Segment Open

(* Let $G$ be a structured quadratic-bilinear system given by $(\mathcal C,\mathcal K,\mathcal B,\mathcal N,\mathcal H)$ with structured generalized transfer functions, and $\widehat G$ the reduced-order system obtained by projection with $V,W\in\mathbb C^{n\times r}$, with reduced generalized transfer functions denoted by hats. Let $\sigma_1,\sigma_2,\sigma_3\in\mathbb C$ be such that $\mathcal C,\mathcal K,\mathcal B,\mathcal N$ can be evaluated at them, $\mathcal H$ at $(\sigma_2,\sigma_1)$, and $\mathcal K(\sigma_1),\mathcal K(\sigma_2),\mathcal K(\sigma_3)$ are invertible. Define $$V_{1,1}=\mathcal K(\sigma_1)^{-1}\mathcal B(\sigma_1),\quad V_{1,2}=\mathcal K(\sigma_2)^{-1}\mathcal B(\sigma_2),\quad V_2=\mathcal K(\sigma_2)^{-1}\mathcal N(\sigma_1)(I_m\otimes V_{1,1}),$$ $$V_{3,1}=\mathcal K(\sigma_3)^{-1}\mathcal N(\sigma_2)(I_m\otimes V_2),\quad V_{3,2}=\mathcal K(\sigma_3)^{-1}\mathcal H(\sigma_2,\sigma_1)(V_{1,2}\otimes V_{1,1}).$$ Suppose $V$ has full column rank with $\operatorname{span}(V)\supseteq\operatorname{span}([V_{1,1}\ V_{1,2}\ V_2\ V_{3,1}\ V_{3,2}])$, and $W$ is an arbitrary full-rank matrix of the same size with $W^{\mathsf H}\mathcal K(\sigma_i)V$ invertible for $i=1,2,3$. Then $$G_1^{(B)}(\sigma_1)=\widehat G_1^{(B)}(\sigma_1),\quad G_1^{(B)}(\sigma_2)=\widehat G_1^{(B)}(\sigma_2),\quad G_2^{(N,(B))}(\sigma_1,\sigma_2)=\widehat G_2^{(N,(B))}(\sigma_1,\sigma_2),$$ $$G_3^{(N,(N,(B)))}(\sigma_1,\sigma_2,\sigma_3)=\widehat G_3^{(N,(N,(B)))}(\sigma_1,\sigma_2,\sigma_3),\quad G_3^{(H,(B),(B))}(\sigma_1,\sigma_2,\sigma_3)=\widehat G_3^{(H,(B),(B))}(\sigma_1,\sigma_2,\sigma_3).$$
   Context: A structured quadratic-bilinear system (in frequency domain) with $n$ states, $m$ inputs and $p$ outputs is given by matrix-valued functions $\mathcal C:\mathbb C\to\mathbb C^{p\times n}$, $\mathcal K:\mathbb C\to\mathbb C^{n\times n}$, $\mathcal B:\mathbb C\to\mathbb C^{n\times m}$, $\mathcal N:\mathbb C\to\mathbb C^{n\times nm}$ with $\mathcal N(s)=[\mathcal N_1(s)\ \cdots\ \mathcal N_m(s)]$, $\mathcal N_j(s)\in\mathbb C^{n\times n}$, and $\mathcal H:\mathbb C\times\mathbb C\to\mathbb C^{n\times n^2}$. Its structured generalized transfer functions are $G_1^{(B)}(s_1)=\mathcal C(s_1)\mathcal K(s_1)^{-1}\mathcal B(s_1)$, $G_2^{(N,(B))}(s_1,s_2)=\mathcal C(s_2)\mathcal K(s_2)^{-1}\mathcal N(s_1)\big(I_m\otimes\mathcal K(s_1)^{-1}\mathcal B(s_1)\big)$, $G_3^{(N,(N,(B)))}(s_1,s_2,s_3)=\mathcal C(s_3)\mathcal K(s_3)^{-1}\mathcal N(s_2)\Big(I_m\otimes\mathcal K(s_2)^{-1}\mathcal N(s_1)\big(I_m\otimes\mathcal K(s_1)^{-1}\mathcal B(s_1)\big)\Big)$, $G_3^{(H,(B),(B))}(s_1,s_2,s_3)=\mathcal C(s_3)\mathcal K(s_3)^{-1}\mathcal H(s_2,s_1)\big(\mathcal K(s_2)^{-1}\mathcal B(s_2)\otimes\mathcal K(s_1)^{-1}\mathcal B(s_1)\big)$, wherever the inverses exist; $\otimes$ is the Kronecker product. The reduced-order system obtained by projection with $V,W\in\mathbb C^{n\times r}$ is given by $\widehat{\mathcal C}(s)=\mathcal C(s)V$, $\widehat{\mathcal K}(s)=W^{\mathsf H}\mathcal K(s)V$, $\widehat{\mathcal B}(s)=W^{\mathsf H}\mathcal B(s)$, $\widehat{\mathcal N}(s)=W^{\mathsf H}\mathcal N(s)(I_m\otimes V)$, $\widehat{\mathcal H}(s_1,s_2)=W^{\mathsf H}\mathcal H(s_1,s_2)(V\otimes V)$, where $W^{\mathsf H}$ is the conjugate transpose; its generalized transfer functions $\widehat G$ are defined by the same formulas with hatted functions. *)

theory Defs
  imports "Jordan_Normal_Form.Schur_Decomposition" "Jordan_Normal_Form.DL_Rank"
begin

definition kron :: "'a :: times mat \<Rightarrow> 'a mat \<Rightarrow> 'a mat" where
  "kron A B = mat (dim_row A * dim_row B) (dim_col A * dim_col B)
     (\<lambda>(i,j). A $$ (i div dim_row B, j div dim_col B) * B $$ (i mod dim_row B, j mod dim_col B))"

text \<open>Matrix inverse (meaningful for invertible matrices).\<close>
definition minv :: "'a :: semiring_1 mat \<Rightarrow> 'a mat" where
  "minv A = (SOME B. inverts_mat A B \<and> inverts_mat B A)"

definition hcat :: "'a :: zero mat \<Rightarrow> 'a mat \<Rightarrow> 'a mat" where
  "hcat A B = mat (dim_row A) (dim_col A + dim_col B)
     (\<lambda>(i,j). if j < dim_col A then A $$ (i,j) else B $$ (i, j - dim_col A))"

definition colspan :: "'a :: semiring_0 mat \<Rightarrow> 'a vec set" where
  "colspan A = {A *\<^sub>v x | x. x \<in> carrier_vec (dim_col A)}"

type_synonym cfun = "complex \<Rightarrow> complex mat"

definition G1 :: "cfun \<Rightarrow> cfun \<Rightarrow> cfun \<Rightarrow> complex \<Rightarrow> complex mat" where
  "G1 C K B s1 = C s1 * minv (K s1) * B s1"

definition G2 :: "nat \<Rightarrow> cfun \<Rightarrow> cfun \<Rightarrow> cfun \<Rightarrow> cfun \<Rightarrow> complex \<Rightarrow> complex \<Rightarrow> complex mat" where
  "G2 m C K B N s1 s2 = C s2 * minv (K s2) * N s1 * kron (1\<^sub>m m) (minv (K s1) * B s1)"

definition G3N :: "nat \<Rightarrow> cfun \<Rightarrow> cfun \<Rightarrow> cfun \<Rightarrow> cfun \<Rightarrow> complex \<Rightarrow> complex \<Rightarrow> complex \<Rightarrow> complex mat" where
  "G3N m C K B N s1 s2 s3 = C s3 * minv (K s3) * N s2 *
      kron (1\<^sub>m m) (minv (K s2) * N s1 * kron (1\<^sub>m m) (minv (K s1) * B s1))"

definition G3H :: "cfun \<Rightarrow> cfun \<Rightarrow> cfun \<Rightarrow> (complex \<Rightarrow> complex \<Rightarrow> complex mat) \<Rightarrow> complex \<Rightarrow> complex \<Rightarrow> complex \<Rightarrow> complex mat" where
  "G3H C K B H s1 s2 s3 = C s3 * minv (K s3) * H s2 s1 *
      kron (minv (K s2) * B s2) (minv (K s1) * B s1)"

definition redC :: "cfun \<Rightarrow> complex mat \<Rightarrow> cfun" where
  "redC C V = (\<lambda>s. C s * V)"
definition redK :: "cfun \<Rightarrow> complex mat \<Rightarrow> complex mat \<Rightarrow> cfun" where
  "redK K V W = (\<lambda>s. mat_adjoint W * K s * V)"
definition redB :: "cfun \<Rightarrow> complex mat \<Rightarrow> cfun" where
  "redB B W = (\<lambda>s. mat_adjoint W * B s)"
definition redN :: "nat \<Rightarrow> cfun \<Rightarrow> complex mat \<Rightarrow> complex mat \<Rightarrow> cfun" where
  "redN m N V W = (\<lambda>s. mat_adjoint W * N s * kron (1\<^sub>m m) V)"
definition redH :: "(complex \<Rightarrow> complex \<Rightarrow> complex mat) \<Rightarrow> complex mat \<Rightarrow> complex mat
      \<Rightarrow> complex \<Rightarrow> complex \<Rightarrow> complex mat" where
  "redH H V W = (\<lambda>s1 s2. mat_adjoint W * H s1 s2 * kron V V)"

Segment Closed

WORK TO COMPLETE »
Some lines in the data above hold the string "complex". Find and copy each of them.

ANSWER FOR THIS EXERCISE »
type_synonym cfun = "complex \<Rightarrow> complex mat"
definition G1 :: "cfun \<Rightarrow> cfun \<Rightarrow> cfun \<Rightarrow> complex \<Rightarrow> complex mat" where
definition G2 :: "nat \<Rightarrow> cfun \<Rightarrow> cfun \<Rightarrow> cfun \<Rightarrow> cfun \<Rightarrow> complex \<Rightarrow> complex \<Rightarrow> complex mat" where
definition G3N :: "nat \<Rightarrow> cfun \<Rightarrow> cfun \<Rightarrow> cfun \<Rightarrow> cfun \<Rightarrow> complex \<Rightarrow> complex \<Rightarrow> complex \<Rightarrow> complex mat" where
definition G3H :: "cfun \<Rightarrow> cfun \<Rightarrow> cfun \<Rightarrow> (complex \<Rightarrow> complex \<Rightarrow> complex mat) \<Rightarrow> complex \<Rightarrow> complex \<Rightarrow> complex \<Rightarrow> complex mat" where
definition redC :: "cfun \<Rightarrow> complex mat \<Rightarrow> cfun" where
definition redK :: "cfun \<Rightarrow> complex mat \<Rightarrow> complex mat \<Rightarrow> cfun" where
definition redB :: "cfun \<Rightarrow> complex mat \<Rightarrow> cfun" where
definition redN :: "nat \<Rightarrow> cfun \<Rightarrow> complex mat \<Rightarrow> complex mat \<Rightarrow> cfun" where
definition redH :: "(complex \<Rightarrow> complex \<Rightarrow> complex mat) \<Rightarrow> complex mat \<Rightarrow> complex mat
      \<Rightarrow> complex \<Rightarrow> complex \<Rightarrow> complex mat" where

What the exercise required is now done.